**Material for the task**
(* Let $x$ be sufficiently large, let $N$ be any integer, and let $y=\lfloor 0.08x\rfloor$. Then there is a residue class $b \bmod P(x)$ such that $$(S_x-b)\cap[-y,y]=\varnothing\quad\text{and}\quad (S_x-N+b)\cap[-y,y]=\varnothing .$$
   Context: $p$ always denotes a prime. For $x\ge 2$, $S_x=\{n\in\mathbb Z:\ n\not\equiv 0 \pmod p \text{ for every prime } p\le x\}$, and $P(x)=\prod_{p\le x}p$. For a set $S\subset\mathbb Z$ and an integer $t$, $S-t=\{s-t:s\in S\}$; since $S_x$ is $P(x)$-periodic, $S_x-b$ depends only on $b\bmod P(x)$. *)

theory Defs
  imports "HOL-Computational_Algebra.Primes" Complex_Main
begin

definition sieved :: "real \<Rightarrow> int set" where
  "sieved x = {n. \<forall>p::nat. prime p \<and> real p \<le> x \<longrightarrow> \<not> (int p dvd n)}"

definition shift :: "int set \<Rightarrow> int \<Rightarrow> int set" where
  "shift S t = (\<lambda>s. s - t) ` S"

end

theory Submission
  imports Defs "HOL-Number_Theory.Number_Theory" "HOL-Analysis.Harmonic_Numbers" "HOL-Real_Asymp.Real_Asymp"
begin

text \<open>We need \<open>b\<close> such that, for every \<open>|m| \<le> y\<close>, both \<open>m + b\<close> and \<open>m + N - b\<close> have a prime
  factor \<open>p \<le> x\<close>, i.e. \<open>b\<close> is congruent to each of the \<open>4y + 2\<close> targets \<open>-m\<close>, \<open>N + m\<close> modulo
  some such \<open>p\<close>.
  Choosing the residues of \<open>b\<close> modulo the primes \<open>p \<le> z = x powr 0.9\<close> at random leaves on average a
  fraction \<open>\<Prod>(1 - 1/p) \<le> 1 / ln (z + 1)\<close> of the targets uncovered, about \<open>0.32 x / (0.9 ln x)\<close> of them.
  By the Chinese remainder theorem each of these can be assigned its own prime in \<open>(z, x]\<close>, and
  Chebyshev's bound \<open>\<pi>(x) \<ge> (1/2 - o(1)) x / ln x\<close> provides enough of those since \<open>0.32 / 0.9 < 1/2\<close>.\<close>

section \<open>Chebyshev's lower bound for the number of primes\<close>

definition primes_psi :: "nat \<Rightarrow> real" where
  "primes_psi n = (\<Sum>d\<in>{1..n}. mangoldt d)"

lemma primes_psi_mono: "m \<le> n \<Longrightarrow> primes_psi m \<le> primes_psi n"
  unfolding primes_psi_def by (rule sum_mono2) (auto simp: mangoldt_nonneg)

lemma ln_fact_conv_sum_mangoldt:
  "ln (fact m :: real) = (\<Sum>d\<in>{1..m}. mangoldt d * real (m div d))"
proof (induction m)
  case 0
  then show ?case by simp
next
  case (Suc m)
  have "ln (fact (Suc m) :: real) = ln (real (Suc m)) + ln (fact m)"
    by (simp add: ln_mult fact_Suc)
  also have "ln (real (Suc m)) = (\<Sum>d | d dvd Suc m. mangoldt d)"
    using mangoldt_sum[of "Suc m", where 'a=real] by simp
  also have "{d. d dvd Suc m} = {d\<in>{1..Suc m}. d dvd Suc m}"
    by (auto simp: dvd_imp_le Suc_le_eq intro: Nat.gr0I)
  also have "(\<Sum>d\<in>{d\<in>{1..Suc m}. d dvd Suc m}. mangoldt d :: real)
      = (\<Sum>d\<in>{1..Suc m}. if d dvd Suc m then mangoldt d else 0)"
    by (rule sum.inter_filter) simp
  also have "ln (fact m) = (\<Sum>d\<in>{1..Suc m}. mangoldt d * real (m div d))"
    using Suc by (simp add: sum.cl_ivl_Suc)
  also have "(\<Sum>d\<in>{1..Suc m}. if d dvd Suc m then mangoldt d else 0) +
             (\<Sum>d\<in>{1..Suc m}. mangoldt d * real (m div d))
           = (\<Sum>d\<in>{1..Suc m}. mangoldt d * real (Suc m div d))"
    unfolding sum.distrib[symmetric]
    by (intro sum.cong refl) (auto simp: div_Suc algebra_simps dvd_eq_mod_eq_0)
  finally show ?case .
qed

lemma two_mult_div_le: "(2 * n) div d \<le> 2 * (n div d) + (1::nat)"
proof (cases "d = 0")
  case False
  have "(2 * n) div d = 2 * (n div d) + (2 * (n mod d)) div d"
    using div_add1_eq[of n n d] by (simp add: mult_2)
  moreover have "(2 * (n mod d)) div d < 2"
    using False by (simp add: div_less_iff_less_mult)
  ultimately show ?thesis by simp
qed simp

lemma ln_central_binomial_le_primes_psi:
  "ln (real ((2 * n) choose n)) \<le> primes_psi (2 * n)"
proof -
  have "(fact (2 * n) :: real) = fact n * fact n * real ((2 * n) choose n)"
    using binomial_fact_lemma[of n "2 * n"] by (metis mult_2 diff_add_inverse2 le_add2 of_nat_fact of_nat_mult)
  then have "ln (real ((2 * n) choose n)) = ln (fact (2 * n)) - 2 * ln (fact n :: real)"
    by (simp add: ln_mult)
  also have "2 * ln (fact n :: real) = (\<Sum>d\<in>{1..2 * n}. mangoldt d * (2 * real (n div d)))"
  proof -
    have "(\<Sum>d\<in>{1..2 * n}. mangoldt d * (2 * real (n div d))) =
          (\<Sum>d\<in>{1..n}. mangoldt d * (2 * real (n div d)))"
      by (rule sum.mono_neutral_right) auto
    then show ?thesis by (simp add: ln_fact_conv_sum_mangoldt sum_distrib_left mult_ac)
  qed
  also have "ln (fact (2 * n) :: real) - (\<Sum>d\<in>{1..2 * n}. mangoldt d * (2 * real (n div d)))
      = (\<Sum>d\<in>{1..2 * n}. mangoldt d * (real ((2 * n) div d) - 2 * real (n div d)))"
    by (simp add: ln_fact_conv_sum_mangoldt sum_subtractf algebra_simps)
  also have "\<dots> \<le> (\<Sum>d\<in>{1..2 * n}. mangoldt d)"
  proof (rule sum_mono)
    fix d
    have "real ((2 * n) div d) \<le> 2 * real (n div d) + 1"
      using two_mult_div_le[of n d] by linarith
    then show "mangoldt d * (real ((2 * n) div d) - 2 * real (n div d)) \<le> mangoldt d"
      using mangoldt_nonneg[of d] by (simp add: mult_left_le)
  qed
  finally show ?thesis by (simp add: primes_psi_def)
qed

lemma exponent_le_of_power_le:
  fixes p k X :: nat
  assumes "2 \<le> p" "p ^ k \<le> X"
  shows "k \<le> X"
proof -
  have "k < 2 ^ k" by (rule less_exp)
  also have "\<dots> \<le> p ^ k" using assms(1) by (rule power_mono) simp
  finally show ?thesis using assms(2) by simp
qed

**What needs to be done**
Copy whichever lines in the listing above hold "every".

**Response area**
   Context: $p$ always denotes a prime. For $x\ge 2$, $S_x=\{n\in\mathbb Z:\ n\not\equiv 0 \pmod p \text{ for every prime } p\le x\}$, and $P(x)=\prod_{p\le x}p$. For a set $S\subset\mathbb Z$ and an integer $t$, $S-t=\{s-t:s\in S\}$; since $S_x$ is $P(x)$-periodic, $S_x-b$ depends only on $b\bmod P(x)$. *)
text \<open>We need \<open>b\<close> such that, for every \<open>|m| \<le> y\<close>, both \<open>m + b\<close> and \<open>m + N - b\<close> have a prime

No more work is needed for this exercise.